■ **Entries provided**
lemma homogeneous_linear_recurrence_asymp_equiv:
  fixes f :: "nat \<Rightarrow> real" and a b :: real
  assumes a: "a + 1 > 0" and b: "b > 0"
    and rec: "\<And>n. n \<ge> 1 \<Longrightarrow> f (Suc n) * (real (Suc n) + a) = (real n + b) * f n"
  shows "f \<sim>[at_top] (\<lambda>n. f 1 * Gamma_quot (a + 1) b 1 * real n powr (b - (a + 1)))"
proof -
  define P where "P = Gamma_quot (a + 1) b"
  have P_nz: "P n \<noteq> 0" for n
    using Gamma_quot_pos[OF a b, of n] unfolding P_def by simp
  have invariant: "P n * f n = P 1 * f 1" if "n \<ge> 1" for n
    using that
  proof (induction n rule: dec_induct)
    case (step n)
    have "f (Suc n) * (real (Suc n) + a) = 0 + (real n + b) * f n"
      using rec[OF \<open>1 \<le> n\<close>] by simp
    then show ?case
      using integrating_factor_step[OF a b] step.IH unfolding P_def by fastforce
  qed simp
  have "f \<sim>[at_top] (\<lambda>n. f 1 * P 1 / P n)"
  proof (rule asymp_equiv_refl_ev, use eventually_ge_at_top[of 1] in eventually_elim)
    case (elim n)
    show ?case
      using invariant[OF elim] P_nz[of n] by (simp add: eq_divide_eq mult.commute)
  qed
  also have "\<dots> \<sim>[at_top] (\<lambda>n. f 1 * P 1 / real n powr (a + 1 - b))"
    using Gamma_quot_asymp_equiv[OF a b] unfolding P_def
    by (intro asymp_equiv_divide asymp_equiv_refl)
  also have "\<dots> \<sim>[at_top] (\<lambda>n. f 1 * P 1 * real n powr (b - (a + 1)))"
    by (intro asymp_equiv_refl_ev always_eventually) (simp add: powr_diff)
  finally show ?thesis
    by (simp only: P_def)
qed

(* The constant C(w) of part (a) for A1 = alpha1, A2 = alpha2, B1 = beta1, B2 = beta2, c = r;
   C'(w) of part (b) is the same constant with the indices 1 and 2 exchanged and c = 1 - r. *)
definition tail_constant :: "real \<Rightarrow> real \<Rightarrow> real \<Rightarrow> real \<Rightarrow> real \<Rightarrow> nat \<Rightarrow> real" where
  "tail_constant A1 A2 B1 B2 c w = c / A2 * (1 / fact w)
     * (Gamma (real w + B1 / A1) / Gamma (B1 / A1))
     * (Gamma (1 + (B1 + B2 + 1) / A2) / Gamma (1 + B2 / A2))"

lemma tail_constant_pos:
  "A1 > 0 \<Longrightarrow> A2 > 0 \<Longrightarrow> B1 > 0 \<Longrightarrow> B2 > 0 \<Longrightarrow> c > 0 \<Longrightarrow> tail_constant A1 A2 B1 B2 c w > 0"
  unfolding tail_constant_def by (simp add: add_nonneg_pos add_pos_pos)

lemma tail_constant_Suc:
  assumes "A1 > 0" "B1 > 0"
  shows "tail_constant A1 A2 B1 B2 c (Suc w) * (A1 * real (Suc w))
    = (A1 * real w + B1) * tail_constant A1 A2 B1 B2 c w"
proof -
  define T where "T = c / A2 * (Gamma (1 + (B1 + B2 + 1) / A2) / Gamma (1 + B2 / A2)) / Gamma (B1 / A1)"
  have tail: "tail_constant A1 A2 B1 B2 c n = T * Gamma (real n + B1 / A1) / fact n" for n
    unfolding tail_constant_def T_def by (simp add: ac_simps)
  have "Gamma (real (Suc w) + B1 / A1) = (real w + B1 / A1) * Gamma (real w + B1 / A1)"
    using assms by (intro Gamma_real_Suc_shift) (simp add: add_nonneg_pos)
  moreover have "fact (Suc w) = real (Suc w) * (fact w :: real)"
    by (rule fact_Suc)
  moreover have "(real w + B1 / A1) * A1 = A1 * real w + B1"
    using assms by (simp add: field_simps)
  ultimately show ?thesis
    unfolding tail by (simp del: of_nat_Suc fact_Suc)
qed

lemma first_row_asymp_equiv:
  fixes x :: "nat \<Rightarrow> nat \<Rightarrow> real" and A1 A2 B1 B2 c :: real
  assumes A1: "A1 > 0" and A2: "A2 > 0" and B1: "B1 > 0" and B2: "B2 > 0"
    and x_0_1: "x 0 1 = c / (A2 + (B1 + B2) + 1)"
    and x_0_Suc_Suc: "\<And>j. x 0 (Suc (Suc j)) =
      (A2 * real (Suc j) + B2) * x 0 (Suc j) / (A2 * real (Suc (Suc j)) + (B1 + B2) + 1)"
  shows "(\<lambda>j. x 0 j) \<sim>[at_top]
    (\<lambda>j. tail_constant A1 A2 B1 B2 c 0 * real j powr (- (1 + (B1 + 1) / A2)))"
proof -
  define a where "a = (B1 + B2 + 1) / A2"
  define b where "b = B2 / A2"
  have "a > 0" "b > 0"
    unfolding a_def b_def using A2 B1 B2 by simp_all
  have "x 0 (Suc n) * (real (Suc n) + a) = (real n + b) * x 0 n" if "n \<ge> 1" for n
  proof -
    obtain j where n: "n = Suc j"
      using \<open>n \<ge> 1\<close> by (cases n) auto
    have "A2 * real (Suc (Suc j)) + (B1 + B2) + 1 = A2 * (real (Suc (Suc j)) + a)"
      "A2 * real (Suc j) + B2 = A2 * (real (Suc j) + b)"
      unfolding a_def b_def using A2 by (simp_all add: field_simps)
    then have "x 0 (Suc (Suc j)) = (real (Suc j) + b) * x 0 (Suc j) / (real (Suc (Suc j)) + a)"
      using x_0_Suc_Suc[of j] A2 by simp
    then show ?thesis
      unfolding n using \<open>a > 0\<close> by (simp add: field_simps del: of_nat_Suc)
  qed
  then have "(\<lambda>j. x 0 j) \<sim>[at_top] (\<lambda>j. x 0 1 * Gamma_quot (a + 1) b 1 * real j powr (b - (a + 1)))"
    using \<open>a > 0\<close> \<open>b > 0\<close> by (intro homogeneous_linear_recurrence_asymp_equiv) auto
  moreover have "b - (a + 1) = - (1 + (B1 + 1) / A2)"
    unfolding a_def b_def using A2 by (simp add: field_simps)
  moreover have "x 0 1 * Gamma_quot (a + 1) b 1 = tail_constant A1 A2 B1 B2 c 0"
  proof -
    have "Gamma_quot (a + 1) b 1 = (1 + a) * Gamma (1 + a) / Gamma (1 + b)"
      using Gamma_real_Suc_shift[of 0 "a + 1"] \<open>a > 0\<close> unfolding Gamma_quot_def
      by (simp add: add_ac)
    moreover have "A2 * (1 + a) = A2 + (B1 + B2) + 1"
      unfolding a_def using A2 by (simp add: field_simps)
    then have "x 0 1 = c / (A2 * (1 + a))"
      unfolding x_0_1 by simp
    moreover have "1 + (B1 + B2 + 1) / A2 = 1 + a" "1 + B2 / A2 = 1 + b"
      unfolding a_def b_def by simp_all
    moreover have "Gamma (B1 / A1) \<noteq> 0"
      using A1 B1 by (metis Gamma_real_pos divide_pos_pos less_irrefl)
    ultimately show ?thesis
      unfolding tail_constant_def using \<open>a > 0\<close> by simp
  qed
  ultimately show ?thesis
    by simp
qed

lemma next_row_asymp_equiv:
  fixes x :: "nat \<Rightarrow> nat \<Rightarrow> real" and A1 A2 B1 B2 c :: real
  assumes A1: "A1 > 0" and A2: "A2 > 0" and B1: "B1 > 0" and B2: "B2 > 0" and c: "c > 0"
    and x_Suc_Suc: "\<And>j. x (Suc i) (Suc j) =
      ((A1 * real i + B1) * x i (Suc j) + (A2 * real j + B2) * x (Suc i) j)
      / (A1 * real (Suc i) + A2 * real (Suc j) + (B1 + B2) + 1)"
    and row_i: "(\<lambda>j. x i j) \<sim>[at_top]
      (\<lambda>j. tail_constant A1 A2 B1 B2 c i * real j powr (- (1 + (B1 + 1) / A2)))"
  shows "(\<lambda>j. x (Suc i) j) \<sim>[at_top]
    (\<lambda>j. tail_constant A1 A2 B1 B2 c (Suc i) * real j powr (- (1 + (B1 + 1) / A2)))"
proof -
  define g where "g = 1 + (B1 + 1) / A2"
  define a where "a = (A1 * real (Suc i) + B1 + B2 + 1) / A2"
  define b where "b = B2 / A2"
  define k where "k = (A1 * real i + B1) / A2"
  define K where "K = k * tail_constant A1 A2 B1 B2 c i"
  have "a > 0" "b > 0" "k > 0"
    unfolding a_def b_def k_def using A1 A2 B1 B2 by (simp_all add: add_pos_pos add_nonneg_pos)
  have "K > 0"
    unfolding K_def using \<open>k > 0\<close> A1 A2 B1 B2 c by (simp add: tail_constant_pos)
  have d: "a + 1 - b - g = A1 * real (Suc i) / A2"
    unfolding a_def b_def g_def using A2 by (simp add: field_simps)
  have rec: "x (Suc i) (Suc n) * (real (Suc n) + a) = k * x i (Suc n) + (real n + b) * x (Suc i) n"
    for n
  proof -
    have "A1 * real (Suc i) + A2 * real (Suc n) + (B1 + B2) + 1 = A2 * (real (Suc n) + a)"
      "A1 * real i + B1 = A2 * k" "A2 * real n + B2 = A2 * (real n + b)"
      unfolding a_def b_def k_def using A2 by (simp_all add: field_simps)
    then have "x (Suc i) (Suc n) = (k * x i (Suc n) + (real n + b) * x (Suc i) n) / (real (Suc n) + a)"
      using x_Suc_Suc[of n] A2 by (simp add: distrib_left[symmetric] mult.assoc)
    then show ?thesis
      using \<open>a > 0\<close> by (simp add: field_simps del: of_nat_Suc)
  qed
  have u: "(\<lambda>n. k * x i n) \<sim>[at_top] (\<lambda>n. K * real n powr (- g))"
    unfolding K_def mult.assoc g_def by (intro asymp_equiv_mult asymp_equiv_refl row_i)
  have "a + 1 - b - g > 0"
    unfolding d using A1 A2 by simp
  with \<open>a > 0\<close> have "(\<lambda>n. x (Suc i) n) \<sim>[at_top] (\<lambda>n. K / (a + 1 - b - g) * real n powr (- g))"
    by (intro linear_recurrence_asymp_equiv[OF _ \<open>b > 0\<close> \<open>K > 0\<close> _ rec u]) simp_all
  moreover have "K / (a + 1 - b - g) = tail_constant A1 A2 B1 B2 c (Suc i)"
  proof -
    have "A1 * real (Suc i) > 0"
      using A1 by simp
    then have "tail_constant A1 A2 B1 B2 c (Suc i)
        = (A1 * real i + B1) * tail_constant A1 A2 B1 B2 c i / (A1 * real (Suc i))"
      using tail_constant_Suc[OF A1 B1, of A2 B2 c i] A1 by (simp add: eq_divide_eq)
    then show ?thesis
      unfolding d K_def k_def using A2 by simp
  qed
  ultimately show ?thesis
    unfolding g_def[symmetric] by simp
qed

■ **Directions for this task**
In the listing above, find the line containing "unfolding a_def b_def by simp_all" and the line containing "unfolding a_def b_def g_def", then quote both, plus every line between them, exactly as written.

■ **Solution to the exercise**
      unfolding a_def b_def by simp_all
    moreover have "Gamma (B1 / A1) \<noteq> 0"
      using A1 B1 by (metis Gamma_real_pos divide_pos_pos less_irrefl)
    ultimately show ?thesis
      unfolding tail_constant_def using \<open>a > 0\<close> by simp
  qed
  ultimately show ?thesis
    by simp
qed

lemma next_row_asymp_equiv:
  fixes x :: "nat \<Rightarrow> nat \<Rightarrow> real" and A1 A2 B1 B2 c :: real
  assumes A1: "A1 > 0" and A2: "A2 > 0" and B1: "B1 > 0" and B2: "B2 > 0" and c: "c > 0"
    and x_Suc_Suc: "\<And>j. x (Suc i) (Suc j) =
      ((A1 * real i + B1) * x i (Suc j) + (A2 * real j + B2) * x (Suc i) j)
      / (A1 * real (Suc i) + A2 * real (Suc j) + (B1 + B2) + 1)"
    and row_i: "(\<lambda>j. x i j) \<sim>[at_top]
      (\<lambda>j. tail_constant A1 A2 B1 B2 c i * real j powr (- (1 + (B1 + 1) / A2)))"
  shows "(\<lambda>j. x (Suc i) j) \<sim>[at_top]
    (\<lambda>j. tail_constant A1 A2 B1 B2 c (Suc i) * real j powr (- (1 + (B1 + 1) / A2)))"
proof -
  define g where "g = 1 + (B1 + 1) / A2"
  define a where "a = (A1 * real (Suc i) + B1 + B2 + 1) / A2"
  define b where "b = B2 / A2"
  define k where "k = (A1 * real i + B1) / A2"
  define K where "K = k * tail_constant A1 A2 B1 B2 c i"
  have "a > 0" "b > 0" "k > 0"
    unfolding a_def b_def k_def using A1 A2 B1 B2 by (simp_all add: add_pos_pos add_nonneg_pos)
  have "K > 0"
    unfolding K_def using \<open>k > 0\<close> A1 A2 B1 B2 c by (simp add: tail_constant_pos)
  have d: "a + 1 - b - g = A1 * real (Suc i) / A2"
    unfolding a_def b_def g_def using A2 by (simp add: field_simps)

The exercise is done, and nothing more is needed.